* WHAT TO PRODUCE *
Only one stretch of the data below is needed. Output the lines from the one with "m z = m f1 z" up to and including the one with "odd_left m (lcomb", exactly as they stand.

Stored data entries:

lemma even_normal_form_idempotent_right_unit:
  assumes sa: "superalgebra m" and ra: "right_alternative m"
    and fr: "even_frame m e n 1 0 a b 0 1 c d"
    and parallel: "\<forall>x\<in>even_part. det2 x (m x x) = 0"
  shows "\<exists>E1 E2. even_normal_form m E1 E2"
proof -
  note dt = even_frameD(3)[OF fr]
  have sq: "det2 (lcomb e n p q) (m (lcomb e n p q) (lcomb e n p q)) = 0" for p q
    using parallel lcomb_even even_frameD(1,2)[OF fr] by blast
  have een: "a * b = 0" "b = b * b"
    using even_frame_assoc_antisym[OF ra fr, of 1 0 1 0 0 1] unfolding assoc_def
    by (simp_all add: even_frame_mult[OF sa fr] lcomb_diff lcomb_uminus lcomb_eq_0_iff[OF dt]
        lcomb_eq_iff[OF dt] algebra_simps)
  have nen: "c = b * c" "d = a + b * d"
    using even_frame_assoc_antisym[OF ra fr, of 0 1 1 0 0 1] unfolding assoc_def
    by (simp_all add: even_frame_mult[OF sa fr] lcomb_diff lcomb_uminus lcomb_eq_0_iff[OF dt]
        lcomb_eq_iff[OF dt] algebra_simps)
  consider "b = 1" | "b = 0" using idempotent_cases[OF een(2)[symmetric]] by blast
  then show ?thesis
  proof cases
    case 1
    \<comment> \<open>Impossible: x x is not parallel to x for one of x = n, e + n, e + 2 n.\<close>
    then have a: "a = 0" using een by simp
    have c: "c = 0" using sq[of 0 1] dt by (simp add: even_frame_mult[OF sa fr] det2_lcomb a 1)
    have "d = -1"
      using sq[of 1 1] dt by (simp add: even_frame_mult[OF sa fr] det2_lcomb a c 1 add_eq_0_iff)
    then show ?thesis using sq[of 1 2] dt by (simp add: even_frame_mult[OF sa fr] det2_lcomb a c 1)
  next
    case 2
    then have "even_frame m e n 1 0 a 0 0 1 0 a" using fr nen by simp
    then have "even_frame m (lcomb e n 1 0) (lcomb e n (-a) 1) 1 0 0 0 0 1 0 0"
      by (rule even_frame_change[OF sa]) (simp_all add: algebra_simps)
    then show ?thesis unfolding even_normal_form_def by blast
  qed
qed

lemma even_complement:
  assumes "e \<in> even_part" "e \<noteq> 0"
  obtains w where "w \<in> even_part" "det2 e w \<noteq> 0"
proof (cases "e$2 = 0")
  case True
  then have "e$1 \<noteq> 0" using assms unfolding even_part_def by (auto simp: vec_eq_iff forall_3)
  then show ?thesis using that[of "axis 2 1"] True by (simp add: det2_def even_part_def axis_def)
next
  case False
  then show ?thesis using that[of "axis 1 1"] by (simp add: det2_def even_part_def axis_def)
qed

lemma even_normal_form_idempotent:
  assumes sa: "superalgebra m" and ra: "right_alternative m"
    and parallel: "\<forall>x\<in>even_part. det2 x (m x x) = 0"
    and e: "e \<in> even_part" "e \<noteq> 0" "m e e = e"
  shows "\<exists>E1 E2. even_normal_form m E1 E2"
proof -
  obtain w where w: "w \<in> even_part" "det2 e w \<noteq> 0" using even_complement[OF e(1,2)] .
  obtain k1 k2 k3 k4 k5 k6 k7 k8 where fr0: "even_frame m e w k1 k2 k3 k4 k5 k6 k7 k8"
    using even_frame_exists[OF sa e(1) w] by blast
  have "lcomb e w k1 k2 = lcomb e w 1 0" using even_frameD(4)[OF fr0] e(3) by (simp add: lcomb_def)
  then have fr: "even_frame m e w 1 0 k3 k4 k5 k6 k7 k8" using fr0 lcomb_eq_iff[OF w(2)] by simp
  have nee: "k6 * k5 = 0" "k6 * k6 = k6"
    using even_frame_right_alternative[OF ra fr, of 0 1 1 0]
    by (simp_all add: even_frame_mult[OF sa fr] lcomb_eq_iff[OF w(2)] algebra_simps)
  consider "k6 = 1" | "k6 = 0" using idempotent_cases[OF nee(2)] by blast
  then show ?thesis
  proof cases
    case 1
    then have "even_frame m e w 1 0 k3 k4 0 1 k7 k8" using fr nee(1) by simp
    then show ?thesis using even_normal_form_idempotent_right_unit[OF sa ra _ parallel] by blast
  next
    case 2
    \<comment> \<open>w - k5 e is annihilated by e from the right.\<close>
    have "det2 (lcomb e w 1 0) (lcomb e w (-k5) 1) \<noteq> 0" using w(2) by (simp add: det2_lcomb)
    then obtain l1 l2 l3 l4 l5 l6 l7 l8
      where fr2: "even_frame m (lcomb e w 1 0) (lcomb e w (-k5) 1) l1 l2 l3 l4 l5 l6 l7 l8"
      using even_frame_exists[OF sa lcomb_even[OF e(1) w(1)] lcomb_even[OF e(1) w(1)]] by blast
    have "l1 = 1 \<and> l2 = 0 \<and> l5 = 0 \<and> l6 = 0"
      using even_frameD(4,6)[OF fr2] 2
      by (simp add: even_frame_mult[OF sa fr] lcomb_lcomb lcomb_eq_iff[OF w(2)]) auto
    then show ?thesis
      using fr2 even_normal_form_idempotent_annihilated[OF sa ra] by auto
  qed
qed

lemma even_normal_form_square_zero:
  assumes sa: "superalgebra m" and ra: "right_alternative m"
    and sq: "\<forall>x\<in>even_part. m x x = 0"
  shows "\<exists>E1 E2. even_normal_form m E1 E2"
proof -
  define e1 e2 :: sv where "e1 = axis 1 1" and "e2 = axis 2 1"
  have b: "e1 \<in> even_part" "e2 \<in> even_part" and dt: "det2 e1 e2 \<noteq> 0"
    by (auto simp: e1_def e2_def even_part_def det2_def axis_def)
  obtain k1 k2 k3 k4 k5 k6 k7 k8 where fr0: "even_frame m e1 e2 k1 k2 k3 k4 k5 k6 k7 k8"
    using even_frame_exists[OF sa b dt] by blast
  have "k1 = 0 \<and> k2 = 0 \<and> k7 = 0 \<and> k8 = 0"
    using even_frameD(4,7)[OF fr0] sq b by (auto simp: lcomb_eq_0_iff[OF dt])
  then have fr: "even_frame m e1 e2 0 0 k3 k4 k5 k6 0 0" using fr0 by simp
  have "m (lcomb e1 e2 1 1) (lcomb e1 e2 1 1) = 0" using sq lcomb_even[OF b] by blast
  then have "k3 + k5 = 0" "k4 + k6 = 0"
    by (simp_all add: even_frame_mult[OF sa fr] lcomb_eq_0_iff[OF dt])
  moreover have "k3 * k3 = 0"
    using even_frame_right_alternative[OF ra fr, of 1 0 0 1]
    by (simp add: even_frame_mult[OF sa fr] lcomb_eq_iff[OF dt])
  moreover have "k6 * k6 = 0"
    using even_frame_right_alternative[OF ra fr, of 0 1 1 0]
    by (simp add: even_frame_mult[OF sa fr] lcomb_eq_iff[OF dt])
  ultimately have "even_frame m e1 e2 0 0 0 0 0 0 0 0" using fr
    by (simp add: add_eq_0_iff)
  then show ?thesis unfolding even_normal_form_def by blast
qed

lemma even_parallel:
  assumes x: "x \<in> even_part" "x \<noteq> 0" and z: "z \<in> even_part" and d: "det2 x z = 0"
  obtains c where "z = c *s x"
proof (cases "x$1 = 0")
  case True
  then have x2: "x$2 \<noteq> 0" using x unfolding even_part_def by (auto simp: vec_eq_iff forall_3)
  have "z$1 = 0" using d True x2 unfolding det2_def by simp
  then show ?thesis using that[of "z$2 / x$2"] x2 x z True unfolding even_part_def
    by (auto simp: vec_eq_iff forall_3)
next
  case False
  have "z$2 = z$1 / x$1 * x$2" using d False unfolding det2_def by (simp add: field_simps)
  then show ?thesis using that[of "z$1 / x$1"] False x z unfolding even_part_def
    by (auto simp: vec_eq_iff forall_3)
qed

lemma even_normal_form_exists:
  assumes sa: "superalgebra m" and ra: "right_alternative m"
  shows "\<exists>E1 E2. even_normal_form m E1 E2"
proof (cases "\<exists>x\<in>even_part. det2 x (m x x) \<noteq> 0")
  case True
  then show ?thesis using even_normal_form_power_basis[OF sa ra] by blast
next
  case False
  then have parallel: "\<forall>x\<in>even_part. det2 x (m x x) = 0" by blast
  show ?thesis
  proof (cases "\<exists>x\<in>even_part. \<exists>c. c \<noteq> 0 \<and> x \<noteq> 0 \<and> m x x = c *s x")
    case True
    then obtain x c where x: "x \<in> even_part" "c \<noteq> 0" "x \<noteq> 0" "m x x = c *s x" by blast
    have "(1/c) *s x \<in> even_part" "(1/c) *s x \<noteq> 0" "m ((1/c) *s x) ((1/c) *s x) = (1/c) *s x"
      using x by (auto simp: even_part_def superalgebra_bilinear[OF sa] vec_eq_iff)
    then show ?thesis using even_normal_form_idempotent[OF sa ra parallel] by blast
  next
    case False
    have "m x x = 0" if x: "x \<in> even_part" for x
    proof (cases "x = 0")
      case True
      then show ?thesis using superalgebra_zero[OF sa] by simp
    next
      case nz: False
      obtain c where "m x x = c *s x"
        using even_parallel[OF x nz superalgebra_grading(1)[OF sa x x]] parallel x by blast
      then show ?thesis using False x nz by (cases "c = 0") auto
    qed
    then show ?thesis using even_normal_form_square_zero[OF sa ra] by blast
  qed
qed

definition f1 :: sv where
  "f1 = axis 3 1"

definition odd_left :: "(sv \<Rightarrow> sv \<Rightarrow> sv) \<Rightarrow> sv \<Rightarrow> complex" where
  "odd_left m z = m z f1 $ 3"

definition odd_right :: "(sv \<Rightarrow> sv \<Rightarrow> sv) \<Rightarrow> sv \<Rightarrow> complex" where
  "odd_right m z = m f1 z $ 3"

lemma f1_odd: "f1 \<in> odd_part"
  unfolding f1_def odd_part_def by (simp add: axis_def)

lemma odd_part_multiple_f1: "v \<in> odd_part \<Longrightarrow> v = v$3 *s f1"
  unfolding odd_part_def f1_def by (auto simp: vec_eq_iff forall_3 axis_def)

lemma mult_even_f1: "superalgebra m \<Longrightarrow> z \<in> even_part \<Longrightarrow> m z f1 = odd_left m z *s f1"
  unfolding odd_left_def using odd_part_multiple_f1 superalgebra_grading(2) f1_odd by blast

lemma mult_f1_even: "superalgebra m \<Longrightarrow> z \<in> even_part \<Longrightarrow> m f1 z = odd_right m z *s f1"
  unfolding odd_right_def using odd_part_multiple_f1 superalgebra_grading(3) f1_odd by blast

lemma odd_left_lcomb:
  "superalgebra m \<Longrightarrow> odd_left m (lcomb x y a b) = a * odd_left m x + b * odd_left m y"
  unfolding odd_left_def lcomb_def by (simp add: superalgebra_bilinear)

lemma odd_right_lcomb:
  "superalgebra m \<Longrightarrow> odd_right m (lcomb x y a b) = a * odd_right m x + b * odd_right m y"
  unfolding odd_right_def lcomb_def by (simp add: superalgebra_bilinear)

lemma odd_left_zero: "superalgebra m \<Longrightarrow> odd_left m 0 = 0"
  unfolding odd_left_def by (simp add: superalgebra_zero)

lemma odd_right_zero: "superalgebra m \<Longrightarrow> odd_right m 0 = 0"
  unfolding odd_right_def by (simp add: superalgebra_zero)

lemma odd_left_mult:
  assumes sa: "superalgebra m" and ra: "right_alternative m"
    and x: "x \<in> even_part" and z: "z \<in> even_part"
  shows "odd_left m (m x z) = odd_left m x * odd_left m z"
proof -
  have "assoc m x f1 z = - assoc m x z f1"
    using right_alternative_odd_even[OF ra _ f1_odd z] x by blast
  then have "assoc m x f1 z $ 3 = (- assoc m x z f1) $ 3" by simp
  then show ?thesis
    unfolding assoc_def
    using mult_even_f1[OF sa x] mult_f1_even[OF sa z] mult_even_f1[OF sa z]
      mult_even_f1[OF sa superalgebra_grading(1)[OF sa x z]]
    by (simp add: superalgebra_bilinear[OF sa] f1_def mult.commute)
qed

lemma odd_right_mult:
  assumes sa: "superalgebra m" and ra: "right_alternative m"
    and y: "y \<in> even_part" and z: "z \<in> even_part"
  shows "odd_right m (m y z) + odd_right m (m z y) = 2 * odd_right m y * odd_right m z"
proof -
  have "assoc m f1 y z = - assoc m f1 z y"
    using right_alternative_even_even[OF ra _ y z] f1_odd by blast
  then have "assoc m f1 y z $ 3 = (- assoc m f1 z y) $ 3" by simp
  then show ?thesis
    unfolding assoc_def
    using mult_f1_even[OF sa y] mult_f1_even[OF sa z]
      mult_f1_even[OF sa superalgebra_grading(1)[OF sa y z]]
      mult_f1_even[OF sa superalgebra_grading(1)[OF sa z y]]
    by (simp add: superalgebra_bilinear[OF sa] f1_def algebra_simps)
qed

* WRITTEN ANSWER *
  "odd_right m z = m f1 z $ 3"

lemma f1_odd: "f1 \<in> odd_part"
  unfolding f1_def odd_part_def by (simp add: axis_def)

lemma odd_part_multiple_f1: "v \<in> odd_part \<Longrightarrow> v = v$3 *s f1"
  unfolding odd_part_def f1_def by (auto simp: vec_eq_iff forall_3 axis_def)

lemma mult_even_f1: "superalgebra m \<Longrightarrow> z \<in> even_part \<Longrightarrow> m z f1 = odd_left m z *s f1"
  unfolding odd_left_def using odd_part_multiple_f1 superalgebra_grading(2) f1_odd by blast

lemma mult_f1_even: "superalgebra m \<Longrightarrow> z \<in> even_part \<Longrightarrow> m f1 z = odd_right m z *s f1"
  unfolding odd_right_def using odd_part_multiple_f1 superalgebra_grading(3) f1_odd by blast

lemma odd_left_lcomb:
  "superalgebra m \<Longrightarrow> odd_left m (lcomb x y a b) = a * odd_left m x + b * odd_left m y"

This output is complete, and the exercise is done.